Exercise.
The lines to return are those below that contain the word "fsimp".

[Items listed in a dataset]
══════════════════════════════

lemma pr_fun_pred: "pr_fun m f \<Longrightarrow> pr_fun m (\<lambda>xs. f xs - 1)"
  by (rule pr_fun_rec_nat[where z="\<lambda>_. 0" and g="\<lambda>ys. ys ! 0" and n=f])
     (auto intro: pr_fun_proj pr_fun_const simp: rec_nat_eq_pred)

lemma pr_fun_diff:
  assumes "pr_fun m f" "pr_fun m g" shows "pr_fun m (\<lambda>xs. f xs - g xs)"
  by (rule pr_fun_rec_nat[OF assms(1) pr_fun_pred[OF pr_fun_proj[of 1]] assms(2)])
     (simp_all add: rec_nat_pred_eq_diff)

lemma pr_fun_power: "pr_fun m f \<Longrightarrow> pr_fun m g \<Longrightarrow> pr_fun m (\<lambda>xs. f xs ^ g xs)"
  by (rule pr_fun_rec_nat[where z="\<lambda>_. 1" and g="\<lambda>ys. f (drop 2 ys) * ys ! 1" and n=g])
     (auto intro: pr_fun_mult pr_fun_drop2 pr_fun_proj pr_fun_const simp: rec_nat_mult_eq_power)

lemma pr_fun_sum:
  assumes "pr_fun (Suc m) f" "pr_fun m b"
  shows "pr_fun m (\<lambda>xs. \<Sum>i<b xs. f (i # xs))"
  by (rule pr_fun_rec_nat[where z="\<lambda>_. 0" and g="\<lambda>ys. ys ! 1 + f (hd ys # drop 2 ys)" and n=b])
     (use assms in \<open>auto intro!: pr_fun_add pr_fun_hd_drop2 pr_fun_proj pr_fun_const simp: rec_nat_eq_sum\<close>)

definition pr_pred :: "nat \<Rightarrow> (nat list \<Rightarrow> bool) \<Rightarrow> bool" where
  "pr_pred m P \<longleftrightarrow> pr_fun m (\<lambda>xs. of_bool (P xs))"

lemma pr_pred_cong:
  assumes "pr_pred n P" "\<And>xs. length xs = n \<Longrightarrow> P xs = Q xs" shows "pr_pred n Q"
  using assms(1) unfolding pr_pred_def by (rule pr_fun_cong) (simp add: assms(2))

══════════════════════════════

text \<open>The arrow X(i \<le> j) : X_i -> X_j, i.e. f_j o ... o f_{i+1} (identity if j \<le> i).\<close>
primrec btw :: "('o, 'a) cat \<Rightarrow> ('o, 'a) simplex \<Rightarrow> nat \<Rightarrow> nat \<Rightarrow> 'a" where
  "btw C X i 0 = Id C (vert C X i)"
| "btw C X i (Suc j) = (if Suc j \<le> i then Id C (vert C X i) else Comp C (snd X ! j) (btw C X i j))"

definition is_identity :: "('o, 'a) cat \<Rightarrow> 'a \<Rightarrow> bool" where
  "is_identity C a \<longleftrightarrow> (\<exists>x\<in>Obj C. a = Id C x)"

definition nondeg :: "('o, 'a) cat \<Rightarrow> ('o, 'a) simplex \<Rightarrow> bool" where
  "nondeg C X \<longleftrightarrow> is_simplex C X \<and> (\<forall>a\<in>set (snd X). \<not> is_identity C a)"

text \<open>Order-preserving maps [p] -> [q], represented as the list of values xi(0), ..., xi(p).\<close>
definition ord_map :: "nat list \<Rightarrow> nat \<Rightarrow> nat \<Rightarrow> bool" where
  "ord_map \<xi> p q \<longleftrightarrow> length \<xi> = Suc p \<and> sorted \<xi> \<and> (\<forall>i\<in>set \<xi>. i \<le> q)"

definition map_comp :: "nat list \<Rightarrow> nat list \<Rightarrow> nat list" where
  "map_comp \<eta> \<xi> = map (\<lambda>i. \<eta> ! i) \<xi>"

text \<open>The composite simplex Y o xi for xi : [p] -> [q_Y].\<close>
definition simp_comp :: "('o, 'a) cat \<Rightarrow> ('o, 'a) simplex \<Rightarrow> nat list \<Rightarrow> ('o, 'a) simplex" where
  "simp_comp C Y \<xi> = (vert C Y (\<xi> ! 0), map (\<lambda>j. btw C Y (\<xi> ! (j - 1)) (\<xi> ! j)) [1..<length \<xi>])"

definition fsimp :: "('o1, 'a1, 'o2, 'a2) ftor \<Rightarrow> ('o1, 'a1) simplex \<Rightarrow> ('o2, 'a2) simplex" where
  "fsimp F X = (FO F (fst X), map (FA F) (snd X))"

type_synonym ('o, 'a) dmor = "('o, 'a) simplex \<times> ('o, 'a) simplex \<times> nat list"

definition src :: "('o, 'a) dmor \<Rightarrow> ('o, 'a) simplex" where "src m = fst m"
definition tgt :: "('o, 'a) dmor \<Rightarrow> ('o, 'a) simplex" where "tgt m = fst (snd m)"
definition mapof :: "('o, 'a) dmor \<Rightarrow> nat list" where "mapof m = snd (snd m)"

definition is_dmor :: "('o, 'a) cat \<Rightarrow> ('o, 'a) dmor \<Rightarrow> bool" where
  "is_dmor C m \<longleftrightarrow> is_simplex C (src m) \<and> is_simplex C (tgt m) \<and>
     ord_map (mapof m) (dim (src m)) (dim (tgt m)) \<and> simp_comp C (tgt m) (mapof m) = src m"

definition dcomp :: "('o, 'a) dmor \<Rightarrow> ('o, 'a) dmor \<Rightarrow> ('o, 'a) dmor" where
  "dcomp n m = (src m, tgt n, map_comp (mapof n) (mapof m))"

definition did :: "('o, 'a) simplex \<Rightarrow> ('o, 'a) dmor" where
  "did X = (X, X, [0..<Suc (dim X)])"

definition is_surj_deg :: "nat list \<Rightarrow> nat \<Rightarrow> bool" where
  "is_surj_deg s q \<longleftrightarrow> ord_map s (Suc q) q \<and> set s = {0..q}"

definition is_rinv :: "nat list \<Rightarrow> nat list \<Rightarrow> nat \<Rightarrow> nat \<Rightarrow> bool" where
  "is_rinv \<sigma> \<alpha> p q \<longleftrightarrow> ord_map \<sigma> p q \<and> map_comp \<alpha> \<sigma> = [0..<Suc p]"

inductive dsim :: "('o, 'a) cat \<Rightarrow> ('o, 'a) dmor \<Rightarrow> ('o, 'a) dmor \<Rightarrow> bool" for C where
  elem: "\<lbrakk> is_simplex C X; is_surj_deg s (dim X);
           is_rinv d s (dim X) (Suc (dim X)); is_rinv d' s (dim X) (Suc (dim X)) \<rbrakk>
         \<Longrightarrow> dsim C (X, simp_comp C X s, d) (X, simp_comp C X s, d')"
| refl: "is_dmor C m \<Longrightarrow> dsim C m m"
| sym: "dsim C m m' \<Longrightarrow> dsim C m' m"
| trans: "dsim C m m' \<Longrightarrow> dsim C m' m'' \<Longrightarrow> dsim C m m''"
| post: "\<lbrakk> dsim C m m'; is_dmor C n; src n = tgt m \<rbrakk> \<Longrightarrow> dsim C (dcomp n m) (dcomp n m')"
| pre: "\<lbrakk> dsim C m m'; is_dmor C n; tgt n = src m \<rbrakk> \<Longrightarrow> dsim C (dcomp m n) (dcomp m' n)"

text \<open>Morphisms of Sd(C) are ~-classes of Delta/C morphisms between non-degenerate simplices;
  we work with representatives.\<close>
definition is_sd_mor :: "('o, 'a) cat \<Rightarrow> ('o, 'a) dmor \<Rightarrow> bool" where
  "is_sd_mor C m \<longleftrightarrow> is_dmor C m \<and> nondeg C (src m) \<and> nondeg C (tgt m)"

══════════════════════════════

Result of this exercise.
definition fsimp :: "('o1, 'a1, 'o2, 'a2) ftor \<Rightarrow> ('o1, 'a1) simplex \<Rightarrow> ('o2, 'a2) simplex" where
  "fsimp F X = (FO F (fst X), map (FA F) (snd X))"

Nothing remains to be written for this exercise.